Но Кэт вдруг отстраняется:

— Почему ты решил ехать?

— Рыжая задолбала, — поясняю я, однако в Фостер в кои-то веки просыпается мыслительная деятельность. Черт возьми, пусть спала бы и дальше.

— И только?

— Тебе мало? — бурчу я.

— Не мне, — смотрит пристально и очень внимательно. — тебе.

— Да твою мать, Фостер! — взрываюсь я. — Какая разница?!

— Ты серьезно думаешь, что мне наплевать?! — она снова трёт переносицу, встает с дивана, и, не успеваю я вставить и слова, продолжает: — Что-то случилось. Я же вижу.

Подходит к окну и заканчивает — Но ты настолько мне не доверяешь, что не хочешь даже сказать.

Она не поверит, обреченно понимаю я. Не поверит даже в то, что рыжая решила продавить начальство и силой выпихнуть меня в Лондон. И про то, что я вдруг просто решил увезти её подальше от всего этого, Кэтрин тоже можно не втирать. Потому что ей нужна правда. Однако и эту самую правду придется предельно дозировать.

Подхожу к ней со спины и осторожно кладу ладонь на плечо.

— Вчера ночью я разговаривал с одним из нападавших.

Кэт даже не вздрагивает — дергается всем телом, резко разворачивается, и я замечаю, как сильно она побледнела.

— Что? Они же мертвы.

Почти силой утягиваю на диван и начинаю, тщательно подбирая слова. Впрочем, рассказать приходится почти все. Умалчиваю я только о двух вещах — кем прихожусь Бекеру и о том, что Монтгомери против «Чёрного Лотоса» не сможет сделать ничего.

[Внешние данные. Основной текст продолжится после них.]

lemma card_edges_at_le_degree:
  assumes "simple_graph V A" "E \<subseteq> A"
  shows "card {e \<in> E. a \<in> e} \<le> degree V A a"
proof -
  have "{e \<in> E. a \<in> e} \<subseteq> (\<lambda>b. {a, b}) ` {b \<in> V. {a, b} \<in> A}"
  proof
    fix e assume "e \<in> {e \<in> E. a \<in> e}"
    then have "e \<in> A" "a \<in> e" using assms(2) by auto
    then obtain b where b: "{a, b} \<in> A" "e = {a, b}" by (rule simple_graph_edge_at[OF assms(1)])
    moreover have "b \<in> V" using b(1) by (rule simple_graph_edgeD[OF assms(1)])
    ultimately show "e \<in> (\<lambda>b. {a, b}) ` {b \<in> V. {a, b} \<in> A}" by blast
  qed
  then have "card {e \<in> E. a \<in> e} \<le> card ((\<lambda>b. {a, b}) ` {b \<in> V. {a, b} \<in> A})"
    using assms(1) by (intro card_mono) (auto simp: simple_graph_def)
  also have "\<dots> \<le> degree V A a"
    unfolding degree_def using assms(1) by (intro card_image_le) (simp add: simple_graph_def)
  finally show ?thesis .
qed

lemma edge_at_if_degree_le:
  assumes sg: "simple_graph V E" and B: "B \<subseteq> {b \<in> V. {a, b} \<in> E}" "finite B" "degree V E a \<le> card B"
    and "e \<in> E" "a \<in> e"
  obtains b where "b \<in> B" "e = {a, b}"
proof -
  have "{b \<in> V. {a, b} \<in> E} = B"
  proof (rule card_seteq[symmetric])
    show "finite {b \<in> V. {a, b} \<in> E}" using sg unfolding simple_graph_def by simp
  qed (use B in \<open>simp_all add: degree_def\<close>)
  moreover obtain b where "{a, b} \<in> E" "e = {a, b}" using sg \<open>e \<in> E\<close> \<open>a \<in> e\<close> by (rule simple_graph_edge_at)
  moreover have "b \<in> V" using sg \<open>{a, b} \<in> E\<close> by (rule simple_graph_edgeD)
  ultimately show thesis using that by blast
qed

lemma edges_at_degree_2:
  assumes sg: "simple_graph V E" and "degree V E u = 2" and uv: "{u, v} \<in> E" and ux: "{u, x} \<in> E"
    and "v \<noteq> x" and e: "e \<in> E" "u \<in> e"
  shows "e = {u, v} \<or> e = {u, x}"
proof -
  have "{v, x} \<subseteq> {b \<in> V. {u, b} \<in> E}" using uv ux simple_graph_edgeD[OF sg] by blast
  moreover have "degree V E u \<le> card {v, x}" using assms(2) \<open>v \<noteq> x\<close> by simp
  ultimately obtain b where "b \<in> {v, x}" "e = {u, b}" using edge_at_if_degree_le[OF sg _ _ _ e] by blast
  then show ?thesis by auto
qed

lemma edges_at_degree_3:
  assumes sg: "simple_graph V E" and deg: "degree V E w = 3" and wv: "{w, v} \<in> E" and wy: "{w, y} \<in> E"
    and "v \<noteq> y"
  obtains z where "\<And>e. e \<in> E \<Longrightarrow> w \<in> e \<Longrightarrow> e = {w, v} \<or> e = {w, y} \<or> e = {w, z}"
proof -
  let ?N = "{b \<in> V. {w, b} \<in> E}"
  have "{v, y} \<subseteq> ?N" using wv wy simple_graph_edgeD[OF sg] by blast
  moreover have "\<not> ?N \<subseteq> {v, y}"
  proof
    assume "?N \<subseteq> {v, y}"
    then have "card ?N \<le> card {v, y}" by (intro card_mono) auto
    moreover have "card {v, y} \<le> 2" by (simp add: card_insert_if)
    ultimately show False using deg unfolding degree_def by simp
  qed
  ultimately obtain z where z: "{v, y, z} \<subseteq> ?N" "z \<notin> {v, y}" by blast
  have "e = {w, v} \<or> e = {w, y} \<or> e = {w, z}" if e: "e \<in> E" "w \<in> e" for e
  proof -
    have "degree V E w \<le> card {v, y, z}" using deg \<open>v \<noteq> y\<close> z(2) by (auto simp: card_insert_if)
    then obtain b where "b \<in> {v, y, z}" "e = {w, b}" using edge_at_if_degree_le[OF sg z(1) _ _ e] by blast
    then show ?thesis by auto
  qed
  then show thesis by (rule that)
qed

section \<open>Edges on 3-faces lie on triangles\<close>

lemma plane_embedding_edgeD:
  assumes "plane_embedding V E pos \<gamma>" "e \<in> E"
  shows "arc (\<gamma> e)" "\<exists>x y. e = {x, y} \<and> pathstart (\<gamma> e) = pos x \<and> pathfinish (\<gamma> e) = pos y"
    "\<And>w. w \<in> V \<Longrightarrow> pos w \<in> path_image (\<gamma> e) \<Longrightarrow> w \<in> e"
  using assms unfolding plane_embedding_def by auto

lemma plane_embedding_crossingD:
  assumes "plane_embedding V E pos \<gamma>" "e \<in> E" "e' \<in> E" "e \<noteq> e'"
  shows "path_image (\<gamma> e) \<inter> path_image (\<gamma> e') \<subseteq> pos ` (e \<inter> e')"
  using assms unfolding plane_embedding_def by auto

lemma edge_mem_of_path_image_subset:
  assumes pe: "plane_embedding V E pos \<gamma>" and "e \<in> E" "S \<subseteq> E"
    and cover: "path_image (\<gamma> e) \<subseteq> (\<Union>e'\<in>S. path_image (\<gamma> e'))"
  shows "e \<in> S"
proof (rule ccontr)
  assume "e \<notin> S"
  have "path_image (\<gamma> e) \<subseteq> pos ` e"
  proof
    fix p assume p: "p \<in> path_image (\<gamma> e)"
    then obtain e' where "e' \<in> S" "p \<in> path_image (\<gamma> e')" using cover by blast
    moreover from this(1) have "e' \<in> E" "e \<noteq> e'" using \<open>e \<notin> S\<close> \<open>S \<subseteq> E\<close> by auto
    ultimately have "p \<in> pos ` (e \<inter> e')" using plane_embedding_crossingD[OF pe \<open>e \<in> E\<close>] p by blast
    then show "p \<in> pos ` e" by blast
  qed
  moreover obtain x y where "e = {x, y}" using plane_embedding_edgeD(2)[OF pe \<open>e \<in> E\<close>] by blast
  then have "countable (pos ` e)" by simp
  ultimately have "countable (path_image (\<gamma> e))" by (rule countable_subset)
  then show False using arc_image_uncountable[OF plane_embedding_edgeD(1)[OF pe \<open>e \<in> E\<close>]] by contradiction
qed

lemma edge_on_3face_triangle:
  assumes pe: "plane_embedding V E pos \<gamma>" and "{p, q} \<in> E" "edge_on_3face V E pos \<gamma> {p, q}"
  obtains r where "r \<noteq> p" "r \<noteq> q" "{p, r} \<in> E" "{q, r} \<in> E"
proof -
  obtain F where F: "is_3face V E pos \<gamma> F" "path_image (\<gamma> {p, q}) \<subseteq> frontier F"
    using assms(3) unfolding edge_on_3face_def by blast
  then obtain a b c where abc: "a \<noteq> b" "b \<noteq> c" "a \<noteq> c" "{a, b} \<in> E" "{b, c} \<in> E" "{a, c} \<in> E"
    and "frontier F = path_image (\<gamma> {a, b}) \<union> path_image (\<gamma> {b, c}) \<union> path_image (\<gamma> {a, c})"
    unfolding is_3face_def by blast
  then have "{p, q} \<in> {{a, b}, {b, c}, {a, c}}"
    using edge_mem_of_path_image_subset[OF pe assms(2), of "{{a, b}, {b, c}, {a, c}}"] F(2) by auto
  then consider "{p, q} = {a, b}" | "{p, q} = {b, c}" | "{p, q} = {a, c}" by blast
  then show thesis
  proof cases
    case 1 then show thesis using that[of c] abc by (auto simp: doubleton_eq_iff insert_commute)
  next
    case 2 then show thesis using that[of a] abc by (auto simp: doubleton_eq_iff insert_commute)
  next
    case 3 then show thesis using that[of b] abc by (auto simp: doubleton_eq_iff insert_commute)
  qed
qed

section \<open>Subgraphs of a minimal counterexample are colourable\<close>

lemma simple_graph_subset:
  assumes "simple_graph V E" "E' \<subseteq> E" shows "simple_graph V E'"
  using assms unfolding simple_graph_def by (meson subsetD)

lemma plane_embedding_subset:
  assumes "plane_embedding V E pos \<gamma>" "E' \<subseteq> E" shows "plane_embedding V E' pos \<gamma>"
  using assms unfolding plane_embedding_def by (meson subsetD)

lemma degree_subset:
  assumes "finite V" "E' \<subseteq> E" shows "degree V E' a \<le> degree V E a"
  unfolding degree_def using assms by (intro card_mono) auto

lemma has_4fan_subset:
  assumes "has_4fan V E'" "E' \<subseteq> E" shows "has_4fan V E"
  using assms unfolding has_4fan_def by (meson subsetD)

lemma doubleton_image_mem_iff:
  assumes "inj_on f V" "E \<subseteq> Pow V" "a \<in> V" "b \<in> V"
  shows "{f a, f b} \<in> (`) f ` E \<longleftrightarrow> {a, b} \<in> E"
  using inj_on_image_mem_iff[OF inj_on_image_Pow[OF assms(1)], of "{a, b}" E] assms(2-4) by simp

lemma simple_graph_relabel:
  assumes "simple_graph V E" "inj_on f V"
  shows "simple_graph (f ` V) ((`) f ` E)"
  unfolding simple_graph_def
proof (intro conjI ballI)
  show "finite (f ` V)" using assms(1) unfolding simple_graph_def by simp
  fix e' assume "e' \<in> (`) f ` E"
  then obtain a b where "a \<in> V" "b \<in> V" "a \<noteq> b" "e' = {f a, f b}"
    using assms(1) unfolding simple_graph_def by auto
  moreover have "f a \<noteq> f b" using calculation assms(2) by (meson inj_on_contraD)
  ultimately show "\<exists>x y. x \<in> f ` V \<and> y \<in> f ` V \<and> x \<noteq> y \<and> e' = {x, y}" by blast
qed

lemma degree_relabel:
  assumes "simple_graph V E" "inj_on f V" "a \<in> V"
  shows "degree (f ` V) ((`) f ` E) (f a) = degree V E a"
proof -
  have "{q \<in> f ` V. {f a, q} \<in> (`) f ` E} = f ` {b \<in> V. {a, b} \<in> E}"
    using doubleton_image_mem_iff[OF assms(2) simple_graph_edges_subset_Pow[OF assms(1)] assms(3)]
    by auto
  then show ?thesis
    unfolding degree_def using assms(2) by (simp add: card_image inj_on_subset)
qed

lemma has_4fan_relabelD:
  assumes "has_4fan (f ` V) ((`) f ` E)" "inj_on f V" "E \<subseteq> Pow V"
  shows "has_4fan V E"
proof -
  define g where "g = inv_into V f"
  have fg: "f (g p) = p" and gV: "g p \<in> V" if "p \<in> f ` V" for p
    using that unfolding g_def by (auto simp: f_inv_into_f inv_into_into)
  have edge: "{g p, g q} \<in> E" if "p \<in> f ` V" "q \<in> f ` V" "{p, q} \<in> (`) f ` E" for p q
    using that doubleton_image_mem_iff[OF assms(2,3) gV gV] fg by simp
  obtain c u1 u2 u3 u4 u5 where fan: "distinct [c, u1, u2, u3, u4, u5]" "set [c, u1, u2, u3, u4, u5] \<subseteq> f ` V"
    "{c, u1} \<in> (`) f ` E" "{c, u2} \<in> (`) f ` E" "{c, u3} \<in> (`) f ` E" "{c, u4} \<in> (`) f ` E"
    "{c, u5} \<in> (`) f ` E" "{u1, u2} \<in> (`) f ` E" "{u2, u3} \<in> (`) f ` E" "{u3, u4} \<in> (`) f ` E"
    "{u4, u5} \<in> (`) f ` E"
    using assms(1) unfolding has_4fan_def by (elim exE conjE) (rule that)
  have "inj_on g (f ` V)" unfolding g_def by (rule inj_on_inv_into) simp
  then have "inj_on g (set [c, u1, u2, u3, u4, u5])" using fan(2) by (rule inj_on_subset)
  then have "distinct (map g [c, u1, u2, u3, u4, u5])"
    unfolding distinct_map using fan(1) by blast
  then have "distinct [g c, g u1, g u2, g u3, g u4, g u5]" by simp
  moreover have mem: "c \<in> f ` V" "u1 \<in> f ` V" "u2 \<in> f ` V" "u3 \<in> f ` V" "u4 \<in> f ` V" "u5 \<in> f ` V"
    using fan(2) by simp_all
  then have "set [g c, g u1, g u2, g u3, g u4, g u5] \<subseteq> V" using gV by simp
  moreover have "{g c, g u1} \<in> E" "{g c, g u2} \<in> E" "{g c, g u3} \<in> E" "{g c, g u4} \<in> E"
    "{g c, g u5} \<in> E" "{g u1, g u2} \<in> E" "{g u2, g u3} \<in> E" "{g u3, g u4} \<in> E" "{g u4, g u5} \<in> E"
    using edge[OF mem(1,2) fan(3)] edge[OF mem(1,3) fan(4)] edge[OF mem(1,4) fan(5)]
      edge[OF mem(1,5) fan(6)] edge[OF mem(1,6) fan(7)] edge[OF mem(2,3) fan(8)]
      edge[OF mem(3,4) fan(9)] edge[OF mem(4,5) fan(10)] edge[OF mem(5,6) fan(11)] .
  ultimately show ?thesis unfolding has_4fan_def by (intro exI conjI) assumption+
qed

lemma total_coloring_relabelD:
  assumes col: "total_coloring k (f ` V) ((`) f ` E) cv ce" and "inj_on f V" "E \<subseteq> Pow V"
  shows "total_coloring k V E (cv \<circ> f) (\<lambda>e. ce (f ` e))"
  unfolding total_coloring_def
proof (intro conjI ballI impI)
  fix a b assume "a \<in> V" "b \<in> V" "{a, b} \<in> E"
  then show "(cv \<circ> f) a \<noteq> (cv \<circ> f) b"
    using col doubleton_image_mem_iff[OF assms(2,3)] unfolding total_coloring_def by simp
next
  fix e e' assume e: "e \<in> E" "e' \<in> E" "e \<noteq> e' \<and> e \<inter> e' \<noteq> {}"
  then have "f ` e \<noteq> f ` e'" using inj_onD[OF inj_on_image_Pow[OF assms(2)]] assms(3) by blast
  moreover have "f ` e \<inter> f ` e' \<noteq> {}" using e by blast
  ultimately show "ce (f ` e) \<noteq> ce (f ` e')" using col e(1,2) unfolding total_coloring_def by simp
qed (use col in \<open>auto simp: total_coloring_def\<close>)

Она не перебивает. Синие глаза на бледном лице настолько непроницаемы, что в какие-то моменты кажется, что Кэтрин вообще не слышит — лишь сильнее стискивает зубы и сжимает пальцы в кулаки.

Когда я заканчиваю, она, как и Патрик, не говорит ни слова. Просто остекленевшим взглядом смотрит перед собой.

— Кэтрин, — осторожно касаюсь щеки, ледяная — когда она успела замерзнуть? — ладони, и девушка вздрагивает.

— Я в порядке. Дай мне пять минут.

Глажу её пальцы, потому что не знаю, что тут еще можно сказать, точнее — что она хочет сейчас услышать, а Кэт едва слышно шепчет:

— Убью их всех.

— Патрик знает про них все, — зарываюсь носом в её макушку. — Он разберется.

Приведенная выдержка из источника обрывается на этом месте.